Вот светит луна, бегут по небу предутренние облака. Не будь здесь сейчас Степанова и этой палатки, все было бы точно так же. Ничего бы в природе не из-менилось. Этому небу все равно: был ли на свете Медведь, не был ли. Луна вот так же светила не одну тысячу лет назад, и будет еще светить. А Медведя нет… Будут Степанов, Иванов, Сидоров, Петров. Даже Медведь, Внук, правнук, просто однофамилец. Другой Алешка. А тот остался в восьмидесятом. И хоть будет лежать он в Красной Знаменке на Полтавщине, для Степанова и Мартынова Алешка и через двадцать лет останется в Кабуле.

«До чего жe все странно, — рассуждал Степанов. — Родился украинский мальчик, а где-то, за тысячи километров, афганский. Жили себе, росли, любили, ненавидели, радовались, печалились… И не думал, и не знал ни один из них: ни тот об этом, ни этот о том, что когда-нибудь их сведет судьба. Афганский, может, доживет еще до глубокой старости, и будет тайно или явно гордиться тем, что убил одного (а может, и не одного) кафира. А украинский к тому времени…

Посадят у могилы Медведя березку. Корни ее будут врастать все глубже и глубже… Оторвется осенью листик, полетит по ветру… А в нем — частица праха Алешки…

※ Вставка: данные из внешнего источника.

(* Let $\mathcal{D}\subset\mathbb{R}^d$ be bounded and convex with non-empty interior. Assume $\mathcal{C}\subset\Gamma\backslash G$ is compact and $\theta>\overline\rho(\mathcal{C},\mathcal{D}\times(0,1])$. Then there is a constant $C_\theta<\infty$ such that $\mathcal{G}(M)\leq C_\theta$ for all $M$ with $\Gamma M\in\mathcal{C}D(\theta)^{-1}$.
   Context: Let $G=\operatorname{SL}(d+1,\mathbb{R})$ and $\Gamma=\operatorname{SL}(d+1,\mathbb{Z})$; vectors are row vectors and $\mathbb{Z}^{d+1}M$ is the lattice spanned by the rows of $M$. For $M\in G$, $t\in\mathcal{D}$: $F(M,t)=\min\{y>0\mid (x,y)\in\mathbb{Z}^{d+1}M,\ x+t\in\mathcal{D}\}$ ($x\in\mathbb{R}^d$, $y\in\mathbb{R}$), and $\infty$ if no minimum exists. $\mathcal{G}(M)$ is the number of distinct values the function $t\mapsto F(M,t)$ attains as $t$ runs over $\mathcal{D}$. For a bounded $\mathcal{A}\subset\mathbb{R}^{d+1}$ with non-empty interior, $\rho(M,\mathcal{A})=\inf\{\theta>0\mid \theta\mathcal{A}+\mathbb{Z}^{d+1}M=\mathbb{R}^{d+1}\}$, and for $\mathcal{C}\subset\Gamma\backslash G$, $\overline\rho(\mathcal{C},\mathcal{A})=\sup_{\Gamma M\in\mathcal{C}}\rho(M,\mathcal{A})$. For $\theta>0$, $D(\theta)=\operatorname{diag}(\theta,\ldots,\theta,\theta^{-d})\in G$, and $\mathcal{C}D(\theta)^{-1}=\{\Gamma MD(\theta)^{-1}\mid\Gamma M\in\mathcal{C}\}$. *)

theory Defs
  imports "HOL-Analysis.Analysis" "HOL-Library.Extended_Nat" "HOL-Library.Extended_Real"
begin

(* R^d = real^'n (d = CARD('n)); R^{d+1} = real^('n option), where the coordinate
   None is the last coordinate y and Some i are the x-coordinates. Vectors are row
   vectors: the lattice Z^{d+1} M is { v v* M | v integral }. *)

type_synonym 'n mat1 = "real ^ ('n option) ^ ('n option)"

definition SLR :: "('n::finite) mat1 set" where
  "SLR = {M. det M = 1}"

definition SLZ :: "('n::finite) mat1 set" where
  "SLZ = {g. (\<forall>i j. g $ i $ j \<in> \<int>) \<and> det g = 1}"

definition lattice :: "('n::finite) mat1 \<Rightarrow> (real ^ ('n option)) set" where
  "lattice M = {v v* M | v. \<forall>i. v $ i \<in> \<int>}"

definition xpart :: "real ^ ('n::finite option) \<Rightarrow> real ^ 'n" where
  "xpart v = (\<chi> i. v $ Some i)"

definition ypart :: "real ^ ('n::finite option) \<Rightarrow> real" where
  "ypart v = v $ None"

definition coset :: "('n::finite) mat1 \<Rightarrow> ('n mat1) set" where
  "coset M = {g ** M | g. g \<in> SLZ}"

definition GammaG :: "('n::finite) mat1 set set" where
  "GammaG = coset ` SLR"

definition quot_top :: "('n::finite) mat1 set topology" where
  "quot_top = topology (\<lambda>U. U \<subseteq> GammaG \<and>
      openin (top_of_set SLR) {M \<in> SLR. coset M \<in> U})"

definition Ffun :: "(real ^ 'n) set \<Rightarrow> ('n::finite) mat1 \<Rightarrow> real ^ 'n \<Rightarrow> ereal" where
  "Ffun D M t = (let S = {y. y > 0 \<and> (\<exists>v \<in> lattice M. ypart v = y \<and> xpart v + t \<in> D)} in
     if (\<exists>y \<in> S. \<forall>z \<in> S. y \<le> z) then ereal (LEAST y. y \<in> S) else \<infinity>)"

definition Gcount :: "(real ^ 'n) set \<Rightarrow> ('n::finite) mat1 \<Rightarrow> enat" where
  "Gcount D M = (if finite (Ffun D M ` D) then enat (card (Ffun D M ` D)) else \<infinity>)"

definition rho :: "('n::finite) mat1 \<Rightarrow> (real ^ ('n option)) set \<Rightarrow> ereal" where
  "rho M A = Inf (ereal ` {\<theta>. \<theta> > 0 \<and>
      {\<theta> *\<^sub>R a + l | a l. a \<in> A \<and> l \<in> lattice M} = UNIV})"

definition rho_bar :: "('n::finite) mat1 set set \<Rightarrow> (real ^ ('n option)) set \<Rightarrow> ereal" where
  "rho_bar C A = (SUP M \<in> {M \<in> SLR. coset M \<in> C}. rho M A)"

definition Dmat :: "real \<Rightarrow> ('n::finite) mat1" where
  "Dmat \<theta> = (\<chi> i j. if i = j then (if i = None then inverse (\<theta> ^ CARD('n)) else \<theta>) else 0)"

definition translate_set :: "('n::finite) mat1 set set \<Rightarrow> real \<Rightarrow> ('n mat1) set set" where
  "translate_set C \<theta> = {coset (M ** matrix_inv (Dmat \<theta>)) | M. M \<in> SLR \<and> coset M \<in> C}"

definition cyl :: "(real ^ 'n) set \<Rightarrow> (real ^ ('n::finite option)) set" where
  "cyl D = {v. xpart v \<in> D \<and> 0 < ypart v \<and> ypart v \<le> 1}"

end

theory Submission
  imports Defs "HOL-Library.Countable"
begin

(* Write M = M0 D(\<theta>)^-1 with \<Gamma>M0 \<in> C. As \<rho>(M0, D \<times> (0,1]) < \<theta>, some \<theta>' < \<theta> satisfies
   \<theta>'(D \<times> (0,1]) + Z^(d+1) M0 = R^(d+1); applying D(\<theta>)^-1, the lattice of M has a covering set K
   whose points (x, y) have x \<in> (\<theta>'/\<theta>) D and 0 < y \<le> \<theta>^(d+1). Convexity of D then provides, for
   every t \<in> D, a lattice vector (x, y) with 0 < y \<le> \<theta>^(d+1) and x + t \<in> D, so each value F(M,t)
   is the height of such a short lattice vector. The short vectors P satisfy P + K \<subseteq> T for a cube T
   depending only on D and \<theta>, and since K covers modulo the lattice, a volume argument over a
   fundamental cell of the covolume-one lattice gives card P \<le> vol T. *)

(* Change_Of_Vars states the volume of linear images only for index types of class wellorder,
   so we well-order the coordinate type 'n option of R^{d+1} through its injection into nat. *)
instantiation option :: (countable) wellorder
begin
definition less_eq_option :: "'a option \<Rightarrow> 'a option \<Rightarrow> bool" where
  "less_eq_option x y \<longleftrightarrow> to_nat x \<le> to_nat y"
definition less_option :: "'a option \<Rightarrow> 'a option \<Rightarrow> bool" where
  "less_option x y \<longleftrightarrow> to_nat x < to_nat y"
instance
proof
  fix P :: "'a option \<Rightarrow> bool" and a :: "'a option"
  assume step: "\<And>x. (\<And>y. y < x \<Longrightarrow> P y) \<Longrightarrow> P x"
  have "\<forall>x. to_nat x = n \<longrightarrow> P x" for n
    by (induction n rule: less_induct) (metis step less_option_def)
  then show "P a" by blast
qed (auto simp: less_eq_option_def less_option_def)
end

Почему так устроена психология людей? Отдельный человек не может убить, украсть, оклеветать… Это не только аморально, это преступление. Но отчего те же заповеди отвергаются государствами? Ведь они тоже состоят из конкретных людей… Так нет. Здесь по-другому. КЛЕВЕТА МОжет называться идеологической борьбой, воровство — аннексиями, чем-то еще, убийство — войной… Наверное, самые большие пацифисты — это военные. В душе, конечно. Они-то знают, что стоит человеческая жизнь на войне. Впрочем, кто вообще имеет право оценивать ее? Да и есть ли такой эквивалент… Все люди вроде бы во многом одинаковы. Внешне, по поступкам, по характерам. Но это вроде бы. Вот посмотрит Степанов на опавший листик и скажет: «Красный». Глянет на него Мартынов и тоже подтвердит: «Да, красный». Кажется, что тут необычного? Все правильно. Но вдруг Николай видит этот красный цвет таким, каким, например, Степанов зеленый? Для Мартынова этот зеленый с рождения означает красный, а для Алексея красный — он и есть красный. И никакого противоречия. Оба называют вещи одинаковыми именами, а видят их совершенно по-разному. Это только для дальтоников все синее — и небо, и люди, и дома, и груши… Несложно догадаться, что скажет на сей счет наука. Сейчас все можно просчитать, проверить. Но кто пробовал думать мозгами Алешки Медведя, кому удалось посмотреть на мир его голубыми глазами, кто слушал музыку его ушами, прикасался к губам любимой женщины его губами… Никто. Только Алешка Медведь. Но его уже нет, не будет и через десять лет… Никогда больше не будет. Ни-ког-да!..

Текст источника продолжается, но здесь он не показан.